## RECORDED DATA
____________
(* Let $(G_i)_{i\in I}$ be a finite collection of groups. For $J\subset I$ put $G_J=\prod_{i\in J}G_i$ and let $p_J\colon G_I\to G_J$ be the projection, with induced ring homomorphism $\mathbb Zp_J\colon\mathbb ZG_I\to\mathbb ZG_J$. Then for every $s\in\mathbb N$, $$\bigcap_{J\subset I,\ \#J<s}\ker(\mathbb Zp_J)\subset\Delta(G_I)^s.$$
   Context: For a group $G$, $\mathbb ZG$ is the integral group ring, $\Delta(G)$ its augmentation ideal (kernel of the map sending each group element to $1$), $\Delta(G)^0=\mathbb ZG$ and $\Delta(G)^s$ its $s$-th power. An empty intersection of subsets of $\mathbb ZG_I$ is $\mathbb ZG_I$. *)

theory Defs
  imports "HOL-Algebra.Algebra"
begin

definition fsupp :: "('a \<Rightarrow> int) \<Rightarrow> 'a set" where
  "fsupp f = {x. f x \<noteq> 0}"

definition group_ring :: "('a, 'b) monoid_scheme \<Rightarrow> ('a \<Rightarrow> int) ring" where
  "group_ring G = \<lparr> carrier = {f. finite (fsupp f) \<and> fsupp f \<subseteq> carrier G},
     monoid.mult = (\<lambda>f h. \<lambda>x. if x \<in> carrier G
                         then (\<Sum>y\<in>fsupp f. f y * h (inv\<^bsub>G\<^esub> y \<otimes>\<^bsub>G\<^esub> x)) else 0),
     one = (\<lambda>x. if x = \<one>\<^bsub>G\<^esub> then 1 else 0),
     ring.zero = (\<lambda>x. 0),
     ring.add = (\<lambda>f h. \<lambda>x. f x + h x) \<rparr>"

definition augmentation :: "('a \<Rightarrow> int) \<Rightarrow> int" where
  "augmentation f = (\<Sum>x\<in>fsupp f. f x)"

definition aug_ideal :: "('a, 'b) monoid_scheme \<Rightarrow> ('a \<Rightarrow> int) set" where
  "aug_ideal G = {f \<in> carrier (group_ring G). augmentation f = 0}"

fun ideal_pow :: "('a, 'b) ring_scheme \<Rightarrow> 'a set \<Rightarrow> nat \<Rightarrow> 'a set" where
  "ideal_pow R D 0 = carrier R"
| "ideal_pow R D (Suc s) = ideal_prod R (ideal_pow R D s) D"

definition induced_map :: "('a \<Rightarrow> 'c) \<Rightarrow> ('a \<Rightarrow> int) \<Rightarrow> ('c \<Rightarrow> int)" where
  "induced_map p f = (\<lambda>y. \<Sum>x\<in>{x \<in> fsupp f. p x = y}. f x)"

definition proj :: "'i set \<Rightarrow> ('i \<Rightarrow> 'g) \<Rightarrow> ('i \<Rightarrow> 'g)" where
  "proj J x = restrict x J"

end

theory Submission
  imports Defs "HOL-Library.Function_Algebras"
begin
(* In the standing setting, define $g^v$ for $t\in\{1,\dots,\overline R\}$, $k\in\{0,\dots,m\}$, $\delta\in\{0,\dots,N\}$ by $g^v(t,k,\delta)=v(k)-kp_{t-1}$ if $k+\delta\le m$; $g^v(t,k,\delta)=\max_{0\le u\le k\wedge\sigma^v(t)}\sum_{\delta'}K_t(\delta'\mid\delta)\,g^v(t+1,u,\delta')$ if $t<\overline R$ and $k+\delta>m$; $g^v(t,k,\delta)=0$ if $t=\overline R$ and $k+\delta>m$; and $g^v(0,k)=\max_{0\le u\le k}\sum_{\delta'}\mathbb P(\delta(p_0)=\delta')\,g^v(1,u,\delta')$. Then $\varphi^v(0,k)=g^v(0,k)$ for all $k\in\{0,\dots,m\}$, and for all $t\in\{1,\dots,\overline R\}$, $k\in\{0,\dots,m\}$, $\delta\in\{0,\dots,N\}$, $$\varphi^v(t,k,\delta)\le g^v\big(t,k\wedge\sigma^v(t-1),\delta\big)\le\varphi^v\big(t,k\wedge\sigma^v(t-1),\delta\big).$$
   Context: Standing setting. Integers $n\ge2$, $m\ge1$; $N:=(n-1)m$. Reals $p_{\mathrm{init}}\ge0$, $\Delta P>0$; the price at round $t\ge0$ is $p_t:=p_{\mathrm{init}}+t\Delta P$. The player's valuation $v:\{0,\dots,m\}\to[0,\infty)$ satisfies $v(0)=0$ and is non-decreasing and concave. $\overline R:=\lceil (v(1)-p_{\mathrm{init}})/\Delta P\rceil$, assumed $\ge1$. For $t\ge0$, $\sigma^v(t):=\min\operatorname{argmax}_{0\le u\le m}(v(u)-up_t)$. The opponent is given by random variables $Z_1\ge Z_2\ge\dots\ge Z_N\ge0$ (a.s.) on a probability space $(\Omega,\mathcal F,\mathbb P)$; its demand at price $p$ is $\delta(p):=\sum_{j=1}^N\mathbf 1\{Z_j>p\}$. For $t\ge1$ fix transition kernels $K_t(\delta'\mid\delta)$ ($\delta,\delta'\in\{0,\dots,N\}$), each $K_t(\cdot\mid\delta)$ a probability on $\{0,\dots,\delta\}$, with $K_t(\delta'\mid\delta)=\mathbb P(\delta(p_t)=\delta'\mid\delta(p_{t-1})=\delta)$ whenever $\mathbb P(\delta(p_{t-1})=\delta)>0$. Value function: for $t\in\{1,\dots,\overline R\}$, $k\in\{0,\dots,m\}$, $\delta\in\{0,\dots,N\}$: $\varphi^v(t,k,\delta):=v(k)-kp_{t-1}$ if $k+\delta\le m$; $:=\max_{0\le u\le k}\sum_{\delta'=0}^N K_t(\delta'\mid\delta)\varphi^v(t+1,u,\delta')$ if $k+\delta>m$ and $t<\overline R$; $:=0$ if $k+\delta>m$ and $t=\overline R$. Also $\varphi^v(0,k):=\max_{0\le u\le k}\sum_{\delta'}\mathbb P(\delta(p_0)=\delta')\varphi^v(1,u,\delta')$. $a\wedge b:=\min(a,b)$. *)

theory Defs
  imports "HOL-Probability.Probability"
begin

definition opp_demand :: "(nat \<Rightarrow> 'a \<Rightarrow> real) \<Rightarrow> nat \<Rightarrow> real \<Rightarrow> 'a \<Rightarrow> nat" where
  "opp_demand Z N q \<omega> = (\<Sum>j\<in>{1..N}. of_bool (Z j \<omega> > q))"

definition sigma_v :: "(nat \<Rightarrow> real) \<Rightarrow> (nat \<Rightarrow> real) \<Rightarrow> nat \<Rightarrow> nat \<Rightarrow> nat" where
  "sigma_v v p m t = Min {u \<in> {0..m}. \<forall>w \<in> {0..m}. v w - real w * p t \<le> v u - real u * p t}"

text \<open>Value function phi^v(t,k,delta), t in 1..R. K t d' d stands for K_t(d' | d).\<close>
function phi_v :: "(nat \<Rightarrow> nat \<Rightarrow> nat \<Rightarrow> real) \<Rightarrow> (nat \<Rightarrow> real) \<Rightarrow> (nat \<Rightarrow> real)
    \<Rightarrow> nat \<Rightarrow> nat \<Rightarrow> nat \<Rightarrow> nat \<Rightarrow> nat \<Rightarrow> nat \<Rightarrow> real" where
  "phi_v K p v m N R t k d =
    (if k + d \<le> m then v k - real k * p (t - 1)
     else if t < R then Max ((\<lambda>u. \<Sum>d'\<in>{0..N}. K t d' d * phi_v K p v m N R (t + 1) u d') ` {0..k})
     else 0)"
  by pat_completeness auto
termination
  by (relation "Wellfounded.measure (\<lambda>(K, p, v, m, N, R, t, k, d). R - t)") auto

text \<open>phi^v(0,k); q d' stands for P(delta(p_0) = d').\<close>
definition phi0_v :: "(nat \<Rightarrow> nat \<Rightarrow> nat \<Rightarrow> real) \<Rightarrow> (nat \<Rightarrow> real) \<Rightarrow> (nat \<Rightarrow> real) \<Rightarrow> (nat \<Rightarrow> real)
    \<Rightarrow> nat \<Rightarrow> nat \<Rightarrow> nat \<Rightarrow> nat \<Rightarrow> real" where
  "phi0_v K q p v m N R k = Max ((\<lambda>u. \<Sum>d'\<in>{0..N}. q d' * phi_v K p v m N R 1 u d') ` {0..k})"

function g_v :: "(nat \<Rightarrow> nat \<Rightarrow> nat \<Rightarrow> real) \<Rightarrow> (nat \<Rightarrow> real) \<Rightarrow> (nat \<Rightarrow> real)
    \<Rightarrow> nat \<Rightarrow> nat \<Rightarrow> nat \<Rightarrow> nat \<Rightarrow> nat \<Rightarrow> nat \<Rightarrow> real" where
  "g_v K p v m N R t k d =
    (if k + d \<le> m then v k - real k * p (t - 1)
     else if t < R then Max ((\<lambda>u. \<Sum>d'\<in>{0..N}. K t d' d * g_v K p v m N R (t + 1) u d')
                              ` {0..min k (sigma_v v p m t)})
     else 0)"
  by pat_completeness auto
termination
  by (relation "Wellfounded.measure (\<lambda>(K, p, v, m, N, R, t, k, d). R - t)") auto

definition g0_v :: "(nat \<Rightarrow> nat \<Rightarrow> nat \<Rightarrow> real) \<Rightarrow> (nat \<Rightarrow> real) \<Rightarrow> (nat \<Rightarrow> real) \<Rightarrow> (nat \<Rightarrow> real)
    \<Rightarrow> nat \<Rightarrow> nat \<Rightarrow> nat \<Rightarrow> nat \<Rightarrow> real" where
  "g0_v K q p v m N R k = Max ((\<lambda>u. \<Sum>d'\<in>{0..N}. q d' * g_v K p v m N R 1 u d') ` {0..k})"

end

theory Submission
  imports Defs
begin

text \<open>
  When the auction clears in round \<open>t\<close> the player pays \<open>p\<^sub>t\<^sub>-\<^sub>1\<close> per unit, and prices only
  rise. Hence \<open>\<phi>\<^sup>v(t,k,\<delta>)\<close> never exceeds the best immediate payoff
  \<open>max\<^sub>u (v(u) - u p\<^sub>t\<^sub>-\<^sub>1)\<close>, attained at \<open>\<sigma>\<^sup>v(t-1)\<close>, so a demand above \<open>\<sigma>\<^sup>v(t-1)\<close> can be cut
  down to \<open>\<sigma>\<^sup>v(t-1)\<close> without loss. As \<open>\<sigma>\<^sup>v\<close> is non-increasing in \<open>t\<close>, these truncations are
  consistent from round to round, and backward induction over the rounds gives \<open>\<phi>\<^sup>v \<le> g\<^sup>v\<close> at
  the truncated demand; conversely \<open>g\<^sup>v \<le> \<phi>\<^sup>v\<close> because \<open>g\<^sup>v\<close> maximises over fewer choices.
\<close>

declare phi_v.simps [simp del] g_v.simps [simp del]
____________
## WHAT TO WORK ON
Only lines of the data holding the word "esub" go in the answer. Please copy each of them.

## RESPONSE BELOW
                         then (\<Sum>y\<in>fsupp f. f y * h (inv\<^bsub>G\<^esub> y \<otimes>\<^bsub>G\<^esub> x)) else 0),
     one = (\<lambda>x. if x = \<one>\<^bsub>G\<^esub> then 1 else 0),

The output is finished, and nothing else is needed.